(Source records)
----
lemma snd_fold_ge_step:
  fixes g :: "'a \<Rightarrow> 'b \<times> 'c::order \<Rightarrow> 'b \<times> 'c"
  assumes step: "\<And>v a. snd a \<le> snd (g v a)" and "v \<in> set vs" and x: "\<And>a. x \<le> snd (g v a)"
  shows "x \<le> snd (fold g vs a)"
proof -
  obtain xs ys where "vs = xs @ v # ys"
    using split_list[OF \<open>v \<in> set vs\<close>] by blast
  then show ?thesis
    using x[of "fold g xs a"] snd_fold_ge_start[where g = g and a = "g v (fold g xs a)" and vs = ys, OF step]
    by simp
qed

lemma RG_Suc_fold_invariant:
  fixes F :: "'v edge set \<Rightarrow> real" and X :: "'v edge set"
  assumes "acyclic E" and sp: "shortest_path_selector E sp" and "has_path E u1 u2"
    and RG_i: "\<And>a b Y Q. RG i E sp vs F a b Y = Some Q \<Longrightarrow> is_path E a b Q"
  defines "a \<equiv> fold (RG_step i E sp vs F u1 u2 X) vs (sp u1 u2, marginal F X (sp u1 u2))"
  shows "is_path E u1 u2 (fst a) \<and> snd a = marginal F X (fst a)"
  unfolding a_def
proof (rule fold_invariant[where Q = "\<lambda>_. True"])
  show "is_path E u1 u2 (fst (sp u1 u2, marginal F X (sp u1 u2)))
    \<and> snd (sp u1 u2, marginal F X (sp u1 u2)) = marginal F X (fst (sp u1 u2, marginal F X (sp u1 u2)))"
    using sp \<open>has_path E u1 u2\<close> unfolding shortest_path_selector_def by simp
  show "is_path E u1 u2 (fst (RG_step i E sp vs F u1 u2 X v b))
      \<and> snd (RG_step i E sp vs F u1 u2 X v b) = marginal F X (fst (RG_step i E sp vs F u1 u2 X v b))"
    if "is_path E u1 u2 (fst b) \<and> snd b = marginal F X (fst b)" for v b
    using RG_step_invariant[OF \<open>acyclic E\<close> RG_i that] .
qed simp

lemma RG_is_path:
  assumes "acyclic E" and sp: "shortest_path_selector E sp"
  shows "RG i E sp vs F u1 u2 X = Some P \<Longrightarrow> is_path E u1 u2 P"
proof (induction i arbitrary: u1 u2 X P)
  case 0
  then show ?case
    using sp unfolding shortest_path_selector_def by (auto split: if_splits)
next
  case (Suc i)
  then have "has_path E u1 u2"
    and P: "P = fst (fold (RG_step i E sp vs F u1 u2 X) vs (sp u1 u2, marginal F X (sp u1 u2)))"
    by (simp_all add: RG_Suc_fold split: if_splits)
  then show ?case
    using RG_Suc_fold_invariant[OF assms \<open>has_path E u1 u2\<close> Suc.IH] by simp
qed
(* Let $r\ge 0$ and $n>r+1$ be integers, $m=n-r-1$, and let $\mathbf D=\mathbf D^{(r+1)}\in\mathbb R^{m\times n}$ be the $(r+1)$-th order difference matrix. Let $r_a=\lfloor (r+1)/2\rfloor$, $r_b=\lceil (r+1)/2\rceil-1$. Let $0=\tau_0<\tau_1<\dots<\tau_J<\tau_{J+1}=m$ be integers with $\tau_1-r_b\ge 1$, $\tau_J+r_a\le m$ and $\tau_{j+1}-\tau_j\ge r+1$ for all $j$; put $A_j=\{\tau_j-r_b,\dots,\tau_j+r_a\}$ for $j=1,\dots,J$ and $\mathcal A=\bigcup_{j=1}^J A_j\subseteq\{1,\dots,m\}$. Suppose $\mathbf y=\mathbf f+\boldsymbol\varepsilon$ with $\mathbf f\in\mathbb R^n$ deterministic satisfying $[\mathbf D\mathbf f]_i=0$ for every $i\in\{1,\dots,m\}\setminus\mathcal A$, and $\boldsymbol\varepsilon\sim N(\mathbf 0,\sigma^2\mathbf I_n)$. Let $\mathbf M=(\mathbf D_{-\mathcal A}\mathbf D_{-\mathcal A}^T)^{-1}\mathbf D_{-\mathcal A}$, whose rows (and the rows/columns of $(\mathbf D_{-\mathcal A}\mathbf D_{-\mathcal A}^T)^{-1}$) are labelled by the indices in $\{1,\dots,m\}\setminus\mathcal A$. For $j=0,\dots,J$ and $t\in[(\tau_j+r_a)/m,(\tau_{j+1}-r_b)/m]$ define $$W_j(t)=(\tau_{j+1}-\tau_j-r)^{-(2r+1)/2}\,[\mathbf M]_{\lfloor mt\rfloor}\,\mathbf y\quad\text{if }\tau_j+r_a<\lfloor mt\rfloor<\tau_{j+1}-r_b,$$ and $W_j(t)=0$ if $\lfloor mt\rfloor\in\{\tau_j+r_a,\tau_{j+1}-r_b\}$. Then: (a) for each $j$, the process $\mathbf W_j=\{W_j(t):(\tau_j+r_a)/m\le t\le(\tau_{j+1}-r_b)/m\}$ is a Gaussian bridge process (a Gaussian process vanishing at both endpoints of its interval) with mean zero and covariance $$\mathrm{Cov}(W_j(t),W_j(t'))=\sigma^2(\tau_{j+1}-\tau_j-r)^{-(2r+1)}\big[(\mathbf D_{-\mathcal A}\mathbf D_{-\mathcal A}^T)^{-1}\big]_{\lfloor mt\rfloor,\lfloor mt'\rfloor}$$ for $t,t'$ in the interval with $\lfloor mt\rfloor,\lfloor mt'\rfloor$ strictly between $\tau_j+r_a$ and $\tau_{j+1}-r_b$; (b) for $j\neq j'$, the processes $\mathbf W_j$ and $\mathbf W_{j'}$ are independent.
   Context: The first-order difference matrix $\mathbf D^{(1)}\in\mathbb R^{(n-1)\times n}$ has $i$-th row with $-1$ in position $i$, $+1$ in position $i+1$, and zeros elsewhere. For $r\ge1$, $\mathbf D^{(r+1)}=\mathbf D^{(1)}\mathbf D^{(r)}$, where in this product $\mathbf D^{(1)}$ denotes the $(n-r-2)\times(n-r-1)$ first-difference matrix; thus $\mathbf D^{(r+1)}$ has $n-r-1$ rows. For an index set $\mathcal I$, $\mathbf D_{\mathcal I}$ is the submatrix of rows with labels in $\mathcal I$ and $\mathbf D_{-\mathcal I}$ the submatrix of the remaining rows; $[\mathbf M]_k$ denotes the row of $\mathbf M$ labelled $k$, and $[\cdot]_{k,l}$ the entry with labels $(k,l)$. *)

theory Defs
  imports "HOL-Probability.Probability"
begin

(* Matrices are functions nat => nat => real with 1-based row/column labels;
   the dimensions are tracked explicitly. *)

definition diff1 :: "nat \<Rightarrow> nat \<Rightarrow> real" where
  "diff1 i l = (if l = i then -1 else if l = Suc i then 1 else 0)"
----
## Aim of the task
Only the lines from the start of the data to the line holding "then show ?thesis" are wanted; return them exactly, both ends included.

## Expected answer
lemma snd_fold_ge_step:
  fixes g :: "'a \<Rightarrow> 'b \<times> 'c::order \<Rightarrow> 'b \<times> 'c"
  assumes step: "\<And>v a. snd a \<le> snd (g v a)" and "v \<in> set vs" and x: "\<And>a. x \<le> snd (g v a)"
  shows "x \<le> snd (fold g vs a)"
proof -
  obtain xs ys where "vs = xs @ v # ys"
    using split_list[OF \<open>v \<in> set vs\<close>] by blast
  then show ?thesis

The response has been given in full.